Supplied material:
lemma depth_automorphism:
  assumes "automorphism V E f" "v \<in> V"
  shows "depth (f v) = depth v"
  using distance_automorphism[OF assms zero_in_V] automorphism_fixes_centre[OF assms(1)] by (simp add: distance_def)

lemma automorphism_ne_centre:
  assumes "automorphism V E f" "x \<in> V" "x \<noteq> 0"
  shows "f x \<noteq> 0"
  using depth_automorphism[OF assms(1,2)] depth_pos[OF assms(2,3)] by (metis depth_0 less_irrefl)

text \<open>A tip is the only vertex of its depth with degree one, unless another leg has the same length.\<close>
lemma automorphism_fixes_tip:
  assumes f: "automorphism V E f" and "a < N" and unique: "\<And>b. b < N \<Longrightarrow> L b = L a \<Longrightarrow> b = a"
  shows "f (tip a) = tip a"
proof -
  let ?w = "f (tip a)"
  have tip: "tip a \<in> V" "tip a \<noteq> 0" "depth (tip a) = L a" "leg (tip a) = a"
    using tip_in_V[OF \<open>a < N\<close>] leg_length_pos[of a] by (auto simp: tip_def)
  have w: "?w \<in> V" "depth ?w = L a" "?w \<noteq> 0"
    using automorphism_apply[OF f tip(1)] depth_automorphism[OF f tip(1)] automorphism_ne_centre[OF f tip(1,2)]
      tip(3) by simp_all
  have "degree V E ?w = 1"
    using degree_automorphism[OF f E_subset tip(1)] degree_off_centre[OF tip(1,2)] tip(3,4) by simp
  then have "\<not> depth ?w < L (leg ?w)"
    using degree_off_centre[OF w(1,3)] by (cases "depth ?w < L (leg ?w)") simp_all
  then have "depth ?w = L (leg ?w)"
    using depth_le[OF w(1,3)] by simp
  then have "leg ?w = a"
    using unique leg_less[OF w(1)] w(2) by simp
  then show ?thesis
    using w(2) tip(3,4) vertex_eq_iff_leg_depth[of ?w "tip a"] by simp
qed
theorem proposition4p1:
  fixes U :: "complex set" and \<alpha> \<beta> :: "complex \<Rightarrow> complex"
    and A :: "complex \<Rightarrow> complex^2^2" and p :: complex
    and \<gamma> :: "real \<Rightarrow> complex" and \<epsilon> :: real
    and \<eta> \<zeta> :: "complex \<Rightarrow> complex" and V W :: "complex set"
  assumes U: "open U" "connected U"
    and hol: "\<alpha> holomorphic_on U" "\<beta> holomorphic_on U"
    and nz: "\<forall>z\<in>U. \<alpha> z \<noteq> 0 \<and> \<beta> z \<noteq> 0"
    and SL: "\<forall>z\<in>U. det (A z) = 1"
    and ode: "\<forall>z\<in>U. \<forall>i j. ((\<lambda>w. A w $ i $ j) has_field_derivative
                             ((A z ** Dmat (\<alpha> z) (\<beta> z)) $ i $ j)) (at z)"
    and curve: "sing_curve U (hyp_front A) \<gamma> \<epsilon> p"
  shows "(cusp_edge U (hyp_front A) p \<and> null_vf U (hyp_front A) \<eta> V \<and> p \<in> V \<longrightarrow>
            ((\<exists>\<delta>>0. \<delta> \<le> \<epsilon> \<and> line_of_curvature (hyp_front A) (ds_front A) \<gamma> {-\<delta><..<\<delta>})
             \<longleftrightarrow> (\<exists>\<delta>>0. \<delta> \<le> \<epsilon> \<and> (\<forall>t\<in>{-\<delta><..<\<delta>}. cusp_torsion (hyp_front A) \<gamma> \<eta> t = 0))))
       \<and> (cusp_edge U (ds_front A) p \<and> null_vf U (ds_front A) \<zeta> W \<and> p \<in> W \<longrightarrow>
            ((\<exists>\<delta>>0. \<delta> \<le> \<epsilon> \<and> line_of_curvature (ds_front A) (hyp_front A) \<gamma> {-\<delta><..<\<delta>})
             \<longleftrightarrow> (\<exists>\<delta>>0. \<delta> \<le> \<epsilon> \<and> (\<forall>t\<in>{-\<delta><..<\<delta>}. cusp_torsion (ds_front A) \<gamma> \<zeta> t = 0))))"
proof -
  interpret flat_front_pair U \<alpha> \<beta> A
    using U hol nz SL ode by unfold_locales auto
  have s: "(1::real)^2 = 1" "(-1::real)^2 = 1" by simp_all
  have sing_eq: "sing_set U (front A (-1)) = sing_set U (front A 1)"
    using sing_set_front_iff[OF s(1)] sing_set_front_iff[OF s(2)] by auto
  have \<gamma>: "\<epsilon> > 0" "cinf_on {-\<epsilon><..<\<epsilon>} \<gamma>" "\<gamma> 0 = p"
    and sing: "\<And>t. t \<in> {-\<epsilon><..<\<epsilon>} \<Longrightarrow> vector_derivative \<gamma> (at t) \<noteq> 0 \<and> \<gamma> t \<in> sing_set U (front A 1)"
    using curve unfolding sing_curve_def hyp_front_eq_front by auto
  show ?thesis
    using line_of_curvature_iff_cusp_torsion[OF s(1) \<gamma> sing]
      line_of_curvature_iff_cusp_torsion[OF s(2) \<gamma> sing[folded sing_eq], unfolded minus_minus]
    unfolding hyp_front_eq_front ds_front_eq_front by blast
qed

...

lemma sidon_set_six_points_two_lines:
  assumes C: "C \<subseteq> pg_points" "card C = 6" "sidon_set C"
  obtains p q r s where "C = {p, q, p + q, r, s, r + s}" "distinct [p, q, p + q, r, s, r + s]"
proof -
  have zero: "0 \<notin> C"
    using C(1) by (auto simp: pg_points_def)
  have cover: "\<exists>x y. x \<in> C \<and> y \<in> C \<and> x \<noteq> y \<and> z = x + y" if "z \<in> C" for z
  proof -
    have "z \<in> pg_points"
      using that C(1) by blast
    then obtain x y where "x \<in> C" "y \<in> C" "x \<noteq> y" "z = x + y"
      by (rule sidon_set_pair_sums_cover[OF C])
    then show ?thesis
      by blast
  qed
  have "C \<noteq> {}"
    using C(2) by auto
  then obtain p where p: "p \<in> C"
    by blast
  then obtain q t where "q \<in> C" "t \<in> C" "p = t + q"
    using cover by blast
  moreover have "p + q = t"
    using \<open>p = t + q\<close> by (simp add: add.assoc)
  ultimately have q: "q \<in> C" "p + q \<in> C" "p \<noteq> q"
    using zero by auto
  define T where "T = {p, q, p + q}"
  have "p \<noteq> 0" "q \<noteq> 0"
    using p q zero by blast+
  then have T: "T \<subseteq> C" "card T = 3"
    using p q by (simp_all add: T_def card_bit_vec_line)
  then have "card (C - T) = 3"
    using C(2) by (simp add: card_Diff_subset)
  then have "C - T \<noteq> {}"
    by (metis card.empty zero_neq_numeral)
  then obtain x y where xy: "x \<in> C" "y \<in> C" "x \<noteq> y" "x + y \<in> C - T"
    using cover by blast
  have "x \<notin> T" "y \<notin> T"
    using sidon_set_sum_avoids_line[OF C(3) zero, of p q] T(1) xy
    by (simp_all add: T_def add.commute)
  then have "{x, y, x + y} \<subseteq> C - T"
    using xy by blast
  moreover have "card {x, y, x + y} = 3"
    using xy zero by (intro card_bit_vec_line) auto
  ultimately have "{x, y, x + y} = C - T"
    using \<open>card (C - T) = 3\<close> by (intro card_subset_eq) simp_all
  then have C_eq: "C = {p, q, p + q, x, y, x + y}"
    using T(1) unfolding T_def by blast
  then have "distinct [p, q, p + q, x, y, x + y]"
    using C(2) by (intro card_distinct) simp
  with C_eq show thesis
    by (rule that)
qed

Problem details: Filter on the word "longleftrightarrow": copy each matching line from the entries above.

Exercise result:
             \<longleftrightarrow> (\<exists>\<delta>>0. \<delta> \<le> \<epsilon> \<and> (\<forall>t\<in>{-\<delta><..<\<delta>}. cusp_torsion (hyp_front A) \<gamma> \<eta> t = 0))))
             \<longleftrightarrow> (\<exists>\<delta>>0. \<delta> \<le> \<epsilon> \<and> (\<forall>t\<in>{-\<delta><..<\<delta>}. cusp_torsion (ds_front A) \<gamma> \<zeta> t = 0))))"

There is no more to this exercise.